**WHAT YOU NEED TO DO:**
Copy each line of the listing where the word "assumes" can be found.

**PROVIDED ENTRIES:**
lemma measure_path_region_le:
  fixes w :: "'n::finite option list"
  assumes "h \<ge> 0" "\<tau> \<ge> 0"
  shows "measure lborel (path_region a h \<tau> w) \<le> (real (length w) + 1) * (h ^ CARD('n) * \<tau>)"
proof -
  have "measure lborel (path_region a h \<tau> w)
      \<le> (\<Sum>j\<le>length w. measure lborel (cell a h \<tau> (path_point (\<lambda>_. 0) w j)))"
    unfolding path_region_def by (intro measure_UNION_le cell_sets) auto
  also have "\<dots> \<le> (\<Sum>j\<le>length w. h ^ CARD('n) * \<tau>)"
    by (intro sum_mono measure_cell_le assms)
  also have "\<dots> = (real (length w) + 1) * (h ^ CARD('n) * \<tau>)"
    by simp
  finally show ?thesis .
qed

lemma sorted_wrt_irrefl_imp_distinct: "sorted_wrt R xs \<Longrightarrow> (\<And>x. \<not> R x x) \<Longrightarrow> distinct xs"
  by (induction xs) auto

text \<open>The cells met by an increasing chain have coordinatewise increasing indices, so they
  all lie on one monotone lattice path through the grid.\<close>

lemma chain_subset_path_region:
  fixes c :: "((real^'n::finite) \<times> real) list"
  assumes h: "h > 0" "\<tau> > 0" and sorted: "sorted_wrt st_less c"
    and inside: "\<forall>p\<in>set c. \<forall>d. 0 < st_coord a p d \<and> st_coord a p d \<le> real n * mesh h \<tau> d"
  shows "\<exists>w. length w \<le> CARD('n option) * (n - 1) \<and> set c \<subseteq> path_region a h \<tau> w"
proof -
  define I where "I = map (cell_index a h \<tau>) c"
  have "sorted_wrt (\<le>) I"
    unfolding I_def sorted_wrt_map
    by (rule sorted_wrt_mono_rel[OF _ sorted]) (use cell_index_mono[OF h] in blast)
  moreover have "\<forall>b\<in>set I. (\<lambda>_. 0) \<le> b \<and> b \<le> (\<lambda>_. n - 1)"
  proof
    fix b assume "b \<in> set I"
    then obtain p where p: "p \<in> set c" "b = cell_index a h \<tau> p"
      unfolding I_def by auto
    have "cell_index a h \<tau> p d \<le> n - 1" for d
      using inside p(1) by (intro cell_index_le[OF h]) auto
    then show "(\<lambda>_. 0) \<le> b \<and> b \<le> (\<lambda>_. n - 1)"
      using p(2) by (auto simp: le_fun_def)
  qed
  ultimately obtain w where w: "\<forall>b\<in>set I. \<exists>j\<le>length w. path_point (\<lambda>_. 0) w j = b"
      "\<forall>x. count_list w x \<le> n - 1"
    using sorted_list_on_lattice_path[of I "\<lambda>_. 0" "\<lambda>_. n - 1"] by (auto simp: le_fun_def)
  have "length w = (\<Sum>x\<in>UNIV. count_list w x)"
    by (simp add: sum_count_set)
  also have "\<dots> \<le> CARD('n option) * (n - 1)"
    using w(2) sum_mono[of UNIV "count_list w" "\<lambda>_. n - 1"] by simp
  finally have "length w \<le> CARD('n option) * (n - 1)" .
  moreover have "set c \<subseteq> path_region a h \<tau> w"
  proof
    fix p assume p: "p \<in> set c"
    then obtain j where j: "j \<le> length w" "path_point (\<lambda>_. 0) w j = cell_index a h \<tau> p"
      using w(1) unfolding I_def by auto
    have "p \<in> cell a h \<tau> (cell_index a h \<tau> p)"
      using mem_cell_index[OF h] inside p by blast
    then show "p \<in> path_region a h \<tau> w"
      using j unfolding path_region_def by (intro UN_I[of j]) auto
  qed
  ultimately show ?thesis by blast
qed

section \<open>Chains at a fixed scale\<close>

lemma chainH_le_if_path_regions_sparse:
  fixes P :: "((real^'n::finite) \<times> real) set" and n k :: nat
  assumes "q > 0" "t > 0" "R \<ge> 0" "n \<ge> 1"
    and fin: "\<And>B. bounded B \<Longrightarrow> finite (P \<inter> B)"
    and sparse: "\<And>w. length w \<le> (CARD('n) + 1) * n \<Longrightarrow>
                   card (P \<inter> path_region (-R) ((q + R) / n) (t / n) w) < k"
  shows "chainH P (- (R *\<^sub>R 1)) (q *\<^sub>R 1) t \<le> ereal (real k)"
  unfolding chainH_def
proof (rule SUP_least)
  let ?h = "(q + R) / n" and ?\<tau> = "t / n"
  have h: "?h > 0" "?\<tau> > 0" and width: "real n * ?h = q + R" "real n * ?\<tau> = t"
    using assms by auto
  fix c assume "c \<in> {c. set c \<subseteq> P \<inter> {(\<eta>, s). vlt (- (R *\<^sub>R 1)) \<eta> \<and> \<eta> \<le> q *\<^sub>R 1 \<and> 0 < s \<and> s \<le> t}
                       \<and> sorted_wrt st_less c}"
  then have c: "set c \<subseteq> P" "sorted_wrt st_less c"
    and range: "\<And>p. p \<in> set c \<Longrightarrow> vlt (- (R *\<^sub>R 1)) (fst p) \<and> fst p \<le> q *\<^sub>R 1 \<and> 0 < snd p \<and> snd p \<le> t"
    by auto
  have "0 < st_coord (-R) p d \<and> st_coord (-R) p d \<le> real n * mesh ?h ?\<tau> d" if "p \<in> set c" for p d
  proof (cases d)
    case None
    then show ?thesis using range[OF that] width by (simp add: st_coord_def mesh_def)
  next
    case (Some i)
    have "- R < fst p $ i" "fst p $ i \<le> q"
      using range[OF that] by (auto simp: vlt_def less_eq_vec_def)
    then show ?thesis using Some width by (simp add: st_coord_def mesh_def)
  qed
  then obtain w where w: "length w \<le> CARD('n option) * (n - 1)" "set c \<subseteq> path_region (-R) ?h ?\<tau> w"
    using chain_subset_path_region[OF h c(2)] by blast
  have "length w \<le> (CARD('n) + 1) * n"
    using w(1) mult_le_mono2[of "n - 1" n "CARD('n option)"] by simp
  have "distinct c"
    by (rule sorted_wrt_irrefl_imp_distinct[OF c(2)]) (simp add: st_less_def)
  then have "length c = card (set c)"
    by (simp add: distinct_card)
  also have "\<dots> \<le> card (P \<inter> path_region (-R) ?h ?\<tau> w)"
    using c(1) w(2) by (intro card_mono fin path_region_bounded) auto
  also have "\<dots> < k"
    by (rule sparse) fact
  finally show "ereal (real (length c)) \<le> ereal (real k)" by simp
qed

lemma poisson_chainH_tail_at_scale:
  fixes N :: "'a \<Rightarrow> ((real^'n::finite) \<times> real) set" and n k :: nat
  assumes pp: "poisson_pp M N" and "q > 0" "t > 0" "R \<ge> 0" "n \<ge> 1"
  shows "\<exists>E\<in>sets M. measure M E \<le> real (\<Sum>i\<le>(CARD('n) + 1) * n. (CARD('n) + 1) ^ i) *
            (((real ((CARD('n) + 1) * n) + 1) * (((q + R) / n) ^ CARD('n) * (t / n))) ^ k / fact k)
          \<and> (\<forall>\<omega>\<in>space M - E. chainH (N \<omega>) (- (R *\<^sub>R 1)) (q *\<^sub>R 1) t \<le> ereal (real k))"
proof -
  let ?L = "(CARD('n) + 1) * n" and ?h = "(q + R) / n" and ?\<tau> = "t / n"
  let ?U = "\<lambda>w. path_region (-R) ?h ?\<tau> (w :: 'n option list)"
  let ?bound = "((real ?L + 1) * (?h ^ CARD('n) * ?\<tau>)) ^ k / fact k"
  define W where "W = {w :: 'n option list. set w \<subseteq> UNIV \<and> length w \<le> ?L}"
  define E where "E = (\<Union>w\<in>W. {\<omega>\<in>space M. k \<le> card (N \<omega> \<inter> ?U w)})"
  have h: "?h > 0" "?\<tau> > 0"
    using assms by auto
  note region = path_region_sets path_region_bounded path_region_subset_upper_half[OF h(2)]
  have finW: "finite W"
    unfolding W_def by (rule finite_lists_length_le) simp
  have ev: "{\<omega>\<in>space M. k \<le> card (N \<omega> \<inter> ?U w)} \<in> sets M" for w
    by (rule poisson_pp_count_event[OF pp region])
  have tail: "measure M {\<omega>\<in>space M. k \<le> card (N \<omega> \<inter> ?U w)} \<le> ?bound" if "w \<in> W" for w
  proof (rule poisson_pp_count_tail[OF pp region])
    have "measure lborel (?U w) \<le> (real (length w) + 1) * (?h ^ CARD('n) * ?\<tau>)"
      using h by (intro measure_path_region_le) auto
    also have "\<dots> \<le> (real ?L + 1) * (?h ^ CARD('n) * ?\<tau>)"
    proof (rule mult_right_mono)
      have "length w \<le> ?L"
        using that unfolding W_def by simp
      then show "real (length w) + 1 \<le> real ?L + 1"
        by linarith
      show "0 \<le> ?h ^ CARD('n) * ?\<tau>"
        using h by (intro mult_nonneg_nonneg zero_le_power) auto
    qed
    finally show "measure lborel (?U w) \<le> (real ?L + 1) * (?h ^ CARD('n) * ?\<tau>)" .
  qed
  have "measure M E \<le> (\<Sum>w\<in>W. measure M {\<omega>\<in>space M. k \<le> card (N \<omega> \<inter> ?U w)})"
    unfolding E_def using finW ev by (intro measure_UNION_le) auto
  also have "\<dots> \<le> real (card W) * ?bound"
    using sum_mono[of W _ "\<lambda>_. ?bound", OF tail] by simp
  also have "card W = (\<Sum>i\<le>?L. (CARD('n) + 1) ^ i)"
    unfolding W_def by (subst card_lists_length_le) auto
  finally have "measure M E \<le> real (\<Sum>i\<le>?L. (CARD('n) + 1) ^ i) * ?bound" .
  moreover have "E \<in> sets M"
    unfolding E_def using finW ev by (intro sets.finite_UN) auto
  moreover have "chainH (N \<omega>) (- (R *\<^sub>R 1)) (q *\<^sub>R 1) t \<le> ereal (real k)" if "\<omega> \<in> space M - E" for \<omega>
  proof (rule chainH_le_if_path_regions_sparse)
    show "finite (N \<omega> \<inter> B)" if "bounded B" for B
      using poisson_pp_locally_finite[OF pp _ that] \<open>\<omega> \<in> space M - E\<close> by blast
    show "card (N \<omega> \<inter> ?U w) < k" if "length w \<le> ?L" for w
      using \<open>\<omega> \<in> space M - E\<close> that unfolding E_def W_def by auto
  qed (use assms in auto)
  ultimately show ?thesis by blast
qed

lemma sum_power_le_double_power:
  fixes D :: nat
  assumes "D \<ge> 1"
  shows "(\<Sum>i\<le>L. D ^ i) \<le> (2 * D) ^ L"
proof -
  have "(\<Sum>i\<le>L. D ^ i) \<le> (\<Sum>i\<le>L. D ^ L)"
    using assms by (intro sum_mono power_increasing) auto
  also have "\<dots> = (L + 1) * D ^ L"
    by simp
  also have "\<dots> \<le> 2 ^ L * D ^ L"
    using Suc_leI[OF less_exp[of L]] by (intro mult_right_mono) auto
  finally show ?thesis
    by (simp add: power_mult_distrib)
qed

lemma scaled_cell_volume_le:
  fixes q t :: real and m d :: nat
  assumes "m \<ge> 1" "q \<ge> 0" "t \<ge> 0"
  shows "((q + real m ^ (d + 1)) / real (m ^ d)) ^ d * (t / real (m ^ d)) \<le> (q + 1) ^ d * t"
proof -
  define R where "R = real m ^ (d + 1)"
  define n where "n = real (m ^ d)"
  have R: "R \<ge> 1"
    using assms(1) unfolding R_def by (intro one_le_power) simp
  have "n ^ (d + 1) = real m ^ (d * (d + 1))"
    unfolding n_def by (simp only: of_nat_power power_mult[symmetric])
  also have "\<dots> = R ^ d"
    unfolding R_def by (metis power_mult mult.commute)
  finally have pow: "n ^ (d + 1) = R ^ d" .
  have "((q + R) / n) ^ d * (t / n) = (q + R) ^ d * t / n ^ (d + 1)"
    by (simp add: power_divide)
  also have "\<dots> = ((q + R) / R) ^ d * t"
    using pow by (simp add: power_divide)
  also have "\<dots> \<le> (q + 1) ^ d * t"
  proof -
    have "q \<le> R * q"
      using R assms(2) mult_right_mono[of 1 R q] by simp
    then have "(q + R) / R \<le> q + 1"
      using R by (simp add: divide_le_eq algebra_simps)
    then have "((q + R) / R) ^ d \<le> (q + 1) ^ d"
      using R assms by (intro power_mono) auto
    then show ?thesis using assms by (simp add: mult_right_mono)
  qed
  finally show ?thesis unfolding R_def n_def .
qed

**OUTPUT FOR THIS EXERCISE:**
  assumes "h \<ge> 0" "\<tau> \<ge> 0"
  assumes h: "h > 0" "\<tau> > 0" and sorted: "sorted_wrt st_less c"
  assumes "q > 0" "t > 0" "R \<ge> 0" "n \<ge> 1"
  assumes pp: "poisson_pp M N" and "q > 0" "t > 0" "R \<ge> 0" "n \<ge> 1"
  assumes "D \<ge> 1"
  assumes "m \<ge> 1" "q \<ge> 0" "t \<ge> 0"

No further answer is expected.